I suppose it's about what your husband can do to help you move forward in certain ways. If he can provide you with financial opportunities and that's pretty much it, could you take advantage of those financial opportunities, especially in the ways of self development of some kind? Can you think of any ways in which you'd like to develop yourself or certain parts of yourself? For example, is there something you'd like to casually study, to serve the student in you? Could even involve studying meditation within a group of like minded people who are trying to manage anxiety and/or depression. Btw, I know a new group can be incredibly challenging to join, especially when social anxiety is a major issue. Is there somewhere you'd like to go, to serve the adventurer in you? Is there something you'd like to do to the house (the environment you're in) so as to serve the interior decorator in you? This could even involve outdoor areas, so as to serve the gardener in you. Are there any parts of you that you'd like to bring to life, including some that might have seemingly gone to sleep or have been put to sleep in the relationship over the years?

 

When it comes to the path you want to take, would you say you're interested in more of a soulful path of self development, rather than a psychological path? Instead of visiting another psychiatrist or psychologist, do you feel the need to take a different path at this time in your life?

Happylife
Community Champion
Community Champion

Hello Tizzy,

 

Thanks for reaching out.

 

Crochet is such a great hobby.
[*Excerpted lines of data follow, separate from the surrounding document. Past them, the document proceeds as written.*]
locale compact_metric_measure_space = finite_measure M for M :: "'a::metric_space measure" +
  assumes compact_space: "compact (space M)"
    and sets_eq_borel: "sets M = sets (restrict_space borel (space M))"
begin

lemma borel_measurable_continuous_on_space:
  "continuous_on (space M) f \<Longrightarrow> f \<in> borel_measurable M"
  using borel_measurable_continuous_on_restrict measurable_cong_sets[OF sets_eq_borel refl] by blast

lemma borel_measurable_dist [measurable]: "(\<lambda>y. dist x y) \<in> borel_measurable M"
  by (intro borel_measurable_continuous_on_space continuous_intros)

lemma borel_measurable_dist_pair [measurable]:
  "(\<lambda>z. dist (fst z) (snd z)) \<in> borel_measurable (M \<Otimes>\<^sub>M M)"
  using compact_space by (intro borel_measurable_dist_fst_snd borel_measurable_dist)
    (simp add: compact_eq_totally_bounded totally_bounded_metric ball_def)

lemma dist_bounded_on_space: obtains B where "\<And>x y. x \<in> space M \<Longrightarrow> y \<in> space M \<Longrightarrow> dist x y \<le> B"
  using compact_imp_bounded[OF compact_space] by (auto simp: bounded_two_points)

lemma integrable_dk_kernel:
  assumes "f \<in> L2 M" "x \<in> space M"
  shows "integrable M (\<lambda>y. f y * dist x y)"
proof -
  obtain B where B: "\<And>y. y \<in> space M \<Longrightarrow> dist x y \<le> B"
    using dist_bounded_on_space assms(2) by metis
  show ?thesis
  proof (rule Bochner_Integration.integrable_bound)
    show "integrable M (\<lambda>y. B * \<bar>f y\<bar>)"
      using assms(1) by (intro integrable_mult_right integrable_abs integrable_L2)
    show "(\<lambda>y. f y * dist x y) \<in> borel_measurable M"
      using L2_borel_measurable[OF assms(1)] by measurable
    show "AE y in M. norm (f y * dist x y) \<le> norm (B * \<bar>f y\<bar>)"
    proof (rule AE_I2)
      fix y assume "y \<in> space M"
      then have "dist x y \<le> \<bar>B\<bar>"
        using B by fastforce
      then show "norm (f y * dist x y) \<le> norm (B * \<bar>f y\<bar>)"
        by (simp add: abs_mult mult.commute[of _ "\<bar>f y\<bar>"] mult_left_mono)
    qed
  qed
qed

lemma dk_op_diff:
  assumes "f \<in> L2 M" "g \<in> L2 M" "x \<in> space M"
  shows "dk_op M (\<lambda>y. f y - c * g y) x = dk_op M f x - c * dk_op M g x"
proof -
  have "dk_op M (\<lambda>y. f y - c * g y) x = (LINT y|M. f y * dist x y - c * (g y * dist x y))"
    unfolding dk_op_def by (simp add: algebra_simps)
  also have "\<dots> = dk_op M f x - c * dk_op M g x"
    unfolding dk_op_def using assms by (simp add: integrable_dk_kernel)
  finally show ?thesis .
qed

lemma dk_op_cong_AE:
  assumes "AE y in M. f y = g y" "f \<in> borel_measurable M" "g \<in> borel_measurable M"
  shows "dk_op M f x = dk_op M g x"
  unfolding dk_op_def using assms by (intro integral_cong_AE) (auto elim!: eventually_mono)
(* For every integer $m\geq 2$ and every integer $n\geq 3$, the graph $mTL_n$ (the disjoint union of $m$ copies of the triangular ladder $TL_n$) is $C_3$-supermagic.
   Context: All graphs are finite and simple. For a graph $H$, a graph $G=(V,E)$ has an $H$-covering if every edge of $G$ belongs to a subgraph of $G$ isomorphic to $H$. For such $G$, an $H$-magic labeling is a bijection $\lambda: V\cup E\to\{1,2,\dots,|V|+|E|\}$ for which there is a constant $c$ such that for every subgraph $H'=(V',E')$ of $G$ isomorphic to $H$, $\sum_{v\in V'}\lambda(v)+\sum_{e\in E'}\lambda(e)=c$. It is $H$-supermagic if moreover $\{\lambda(v):v\in V\}=\{1,\dots,|V|\}$; $G$ is $H$-supermagic if it admits such a labeling. $C_k$ is the cycle of length $k$. $mG$ denotes the disjoint union of $m$ copies of $G$. The triangular ladder $TL_n$ has vertices $u_i,v_i$ ($1\le i\le n$) and edges $u_iv_i$ ($1\le i\le n$), and $u_iu_{i+1}$, $v_iv_{i+1}$, $u_{i+1}v_i$ ($1\le i\le n-1$). *)

theory Defs
  imports Main
begin

type_synonym 'a graph = "'a set \<times> 'a set set"

definition simple_graph :: "'a graph \<Rightarrow> bool" where
  "simple_graph G \<longleftrightarrow> finite (fst G) \<and>
     (\<forall>e\<in>snd G. \<exists>u v. e = {u, v} \<and> u \<noteq> v \<and> u \<in> fst G \<and> v \<in> fst G)"

definition subgraph :: "'a graph \<Rightarrow> 'a graph \<Rightarrow> bool" where
  "subgraph H G \<longleftrightarrow> fst H \<subseteq> fst G \<and> snd H \<subseteq> snd G \<and> (\<forall>e\<in>snd H. e \<subseteq> fst H)"

definition graph_iso :: "'a graph \<Rightarrow> 'b graph \<Rightarrow> bool" where
  "graph_iso G H \<longleftrightarrow> (\<exists>f. bij_betw f (fst G) (fst H) \<and>
     (\<forall>u\<in>fst G. \<forall>v\<in>fst G. {u, v} \<in> snd G \<longleftrightarrow> {f u, f v} \<in> snd H))"

definition H_covering :: "'b graph \<Rightarrow> 'a graph \<Rightarrow> bool" where
  "H_covering H G \<longleftrightarrow> (\<forall>e\<in>snd G. \<exists>G'. subgraph G' G \<and> graph_iso G' H \<and> e \<in> snd G')"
It's very good for your brain, makes you learn new skills and reduces stress.

 

Walking is also great for physical and mental health.

 

Keep up the good work and hope you feel better...

 

Take care

Happylife

quirkywords
Community Champion
Community Champion

Tizzy

I understand the lack of motivation and not experiencing joy  in what you used to do. When you feel turned and down it is hard to try new things.

I feel by reaching out here answering posts y is have made a start in helping yourself. I see you want things to change but feel too tired to do so.

Do you like writing? I find your posts very honest annd  insightful.